Он ждал, когда Рейн позовет его для очередного дубля. Вместо этого она сказала второму режиссеру:

– Перерыв. – И взяла Кензи под руку. Он вздрогнул от ее прикосновения, но тут же почувствовал себя лучше.

– Пойдем со мной, – предложила она. – Может быть, морской ветер прочистит наши мозги.

По крайней мере она собиралась отругать его один на один, не перед всеми, и он был благодарен ей за это, хотя все еще хорохорился, готовый к защите. Бог свидетель, он старался. И Рейни должна понять это.

Они медленно шли вдоль утеса, ветер играл завитками ее волос, трепал подол тяжелой юбки. Когда они отошли достаточно далеко от съемочной площадки, она заговорила:

– По мере того как мы снимаем, ты должен открываться все больше и больше, и ты прекрасно это делаешь. Эта сцена наиболее откровенная, камера должна заглянуть тебе в душу, и без этого мы не можем двинуться дальше. Это требует от тебя многого, может быть, даже чересчур. – Она заглянула ему в глаза. – Подумай об этом. Когда будешь готов, мы снимем еще один дубль и отправим в печать те, что сняли. Если тебе так и не удастся нащупать верную ноту, черт с ним! Мы сумеем в дальнейшем сделать это при монтаже из того, что имеем. О'кей?

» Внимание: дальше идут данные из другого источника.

(* 2n x 2n integer matrices are indexed by the type 'n + 'n:
   Inl i = first block of coordinates, Inr i = second block.
   Blocks: A = (Inl,Inl), B = (Inl,Inr), C = (Inr,Inl), D = (Inr,Inr). *)
type_synonym 'n smat = "int ^ ('n + 'n) ^ ('n + 'n)"

definition Jmat :: "'n::finite smat" where
  "Jmat = (\<chi> i j. case (i, j) of
      (Inl a, Inr b) \<Rightarrow> (if a = b then 1 else 0)
    | (Inr a, Inl b) \<Rightarrow> (if a = b then -1 else 0)
    | _ \<Rightarrow> 0)"

definition Sp :: "'n::finite smat set" where
  "Sp = {g. transpose g ** Jmat ** g = Jmat}"

definition tau :: "'n::finite smat \<Rightarrow> 'n smat" where
  "tau g = (\<chi> i j. if isl i = isl j then g $ i $ j else - (g $ i $ j))"

definition Gamma :: "int \<Rightarrow> 'n::finite smat set" where
  "Gamma N = {g \<in> Sp. \<forall>i j. [g $ i $ j = (mat 1 :: 'n smat) $ i $ j] (mod N)}"

definition Gamma2 :: "int \<Rightarrow> 'n::finite smat set" where
  "Gamma2 m = {g \<in> Sp. \<forall>i j.
      (isl i = isl j \<longrightarrow> [g $ i $ j = (mat 1 :: 'n smat) $ i $ j] (mod 2)) \<and>
      (isl i \<noteq> isl j \<longrightarrow> [g $ i $ j = 0] (mod (2 * m)))}"

definition GLZ :: "(int ^ 'n ^ 'n) set" where
  "GLZ = {U. invertible U}"

definition embGL :: "int ^ 'n::finite ^ 'n \<Rightarrow> 'n smat" where
  "embGL U = (\<chi> i j. case (i, j) of
      (Inl a, Inl b) \<Rightarrow> U $ a $ b
    | (Inr a, Inr b) \<Rightarrow> transpose (matrix_inv U) $ a $ b
    | _ \<Rightarrow> 0)"

end

(*
  Since tau g = g - 2 (0 B; C 0) for g = (A B; C D), the congruence tau g = g (mod 2N) holds
  exactly when N divides the off-diagonal blocks B and C.  Parts (1) and (2) follow by
  multiplying this congruence by g^-1 resp. g, using g^2 = 1 (mod 4m) for g = 1 (mod 2m).
  In part (3), multiplying by g shows 2m | B, C; hence g is block diagonal modulo 2 and the
  symplectic relation D^t A - B^t C = 1 makes A invertible modulo 2.  Gaussian elimination over
  F_2 by integral transvections lifts A mod 2 to some u in GL(n,Z), and then
  beta = g diag(u^-1, u^t) lies in Gamma_2m(2).
*)
theory Submission
  imports Defs
begin

lemma matrix_add_rdistrib: "(A + B) ** C = A ** C + B ** (C :: 'a::semiring_1^_^_)"
  by (simp add: matrix_matrix_mult_def vec_eq_iff sum.distrib distrib_right)

lemma matrix_mul_uminus_left [simp]: "(- A) ** B = - (A ** B :: 'a::ring_1^_^_)"
  by (simp add: matrix_matrix_mult_def vec_eq_iff sum_negf)

lemma matrix_mul_uminus_right [simp]: "A ** (- B) = - (A ** B :: 'a::ring_1^_^_)"
  by (simp add: matrix_matrix_mult_def vec_eq_iff sum_negf)

lemma transpose_zero [simp]: "transpose 0 = 0"
  by (simp add: transpose_def vec_eq_iff)

lemma transpose_uminus [simp]: "transpose (- A) = - transpose A"
  by (simp add: transpose_def vec_eq_iff)

lemma matrix_inv_right: "invertible A \<Longrightarrow> A ** matrix_inv A = mat 1"
  and matrix_inv_left: "invertible A \<Longrightarrow> matrix_inv A ** A = mat 1"
  unfolding invertible_def matrix_inv_def by (metis (mono_tags, lifting) someI_ex)+

lemma invertible_matrix_inv: "invertible A \<Longrightarrow> invertible (matrix_inv A)"
  using matrix_inv_left matrix_inv_right invertible_def by blast

lemma int_matrix_left_right_inverse:
  fixes A B :: "int^'n^'n"
  assumes "A ** B = mat 1"
  shows "B ** A = mat 1"
proof -
  define re :: "int^'n^'n \<Rightarrow> real^'n^'n" where "re M = (\<chi> i j. of_int (M$i$j))" for M
  have re_mult: "re (M ** N) = re M ** re N" for M N
    by (simp add: re_def matrix_matrix_mult_def vec_eq_iff)
  have re_one: "re (mat 1) = mat 1"
    by (simp add: re_def mat_def vec_eq_iff)
  have "re A ** re B = mat 1"
    using assms by (metis re_mult re_one)
  then have "re (B ** A) = re (mat 1)"
    by (simp add: re_mult re_one matrix_left_right_inverse)
  then show ?thesis
    by (simp add: re_def vec_eq_iff)
qed

lemma invertible_int_matrix_iff: "invertible (A :: int^'n^'n) \<longleftrightarrow> (\<exists>B. B ** A = mat 1)"
  using int_matrix_left_right_inverse invertible_def by blast

definition mat_cong :: "int \<Rightarrow> int^'n^'m \<Rightarrow> int^'n^'m \<Rightarrow> bool" where
  "mat_cong N A B \<longleftrightarrow> (\<forall>i j. [A$i$j = B$i$j] (mod N))"

lemma mat_cong_0_iff: "mat_cong N A 0 \<longleftrightarrow> (\<forall>i j. N dvd A$i$j)"
  by (simp add: mat_cong_def cong_0_iff)

lemma mat_cong_refl [simp]: "mat_cong N A A"
  by (simp add: mat_cong_def)

lemma mat_cong_sym: "mat_cong N A B \<Longrightarrow> mat_cong N B A"
  by (simp add: mat_cong_def cong_sym)

lemma mat_cong_trans [trans]: "mat_cong N A B \<Longrightarrow> mat_cong N B C \<Longrightarrow> mat_cong N A C"
  unfolding mat_cong_def by (metis cong_trans)

lemma mat_cong_add: "mat_cong N A A' \<Longrightarrow> mat_cong N B B' \<Longrightarrow> mat_cong N (A + B) (A' + B')"
  by (simp add: mat_cong_def cong_add)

Он прерывисто втянул воздух. Если бы она отчитывала его, он, возможно, стал бы возражать ей, даже мог уйти с площадки – чего никогда не делал прежде. Вместо этого она проявила чуткость. Она понимала ад, захвативший его душу, через который ему предстояло пройти. Более того, она готова была принять его несостоятельность, если вдруг окажется, что он исчерпал свой ресурс. Что означало только одно – он должен сделать это, то есть вывернуть кишки перед камерой.

– Ты потрясающий режиссер, Рейни, – глухо произнес он. – Позволь мне побыть одному минут десять – пятнадцать, и попробуем снова.

Она кивнула, затем приподнялась на цыпочки и поцеловала его в щеку.

– Спасибо тебе, Кен.

Он проводил ее взглядом. Она направилась к съемочной площадке, грациозная, как викторианская леди, которая всю жизнь носила корсет и длинные юбки. Кензи отвернулся и пошел дальше вдоль утеса.

Она была абсолютно права, проблема заключалась в том, что ему надо было обнажить его собственные чувства и переживания. Но способен ли он приоткрыть тайники своей души? Это не означало, что тот, кто будет смотреть фильм, поймет все досконально, но для него было достаточно того, что он сам поймет, а он уже научился обходить дискомфортные зоны. Но если он не пойдет дальше, он провалит роль, а с ней и весь фильм. Характер героя потеряет достоверность. Подлинность – качество, едва уловимое, но большинство зрителей заметят, если оно будет утрачено.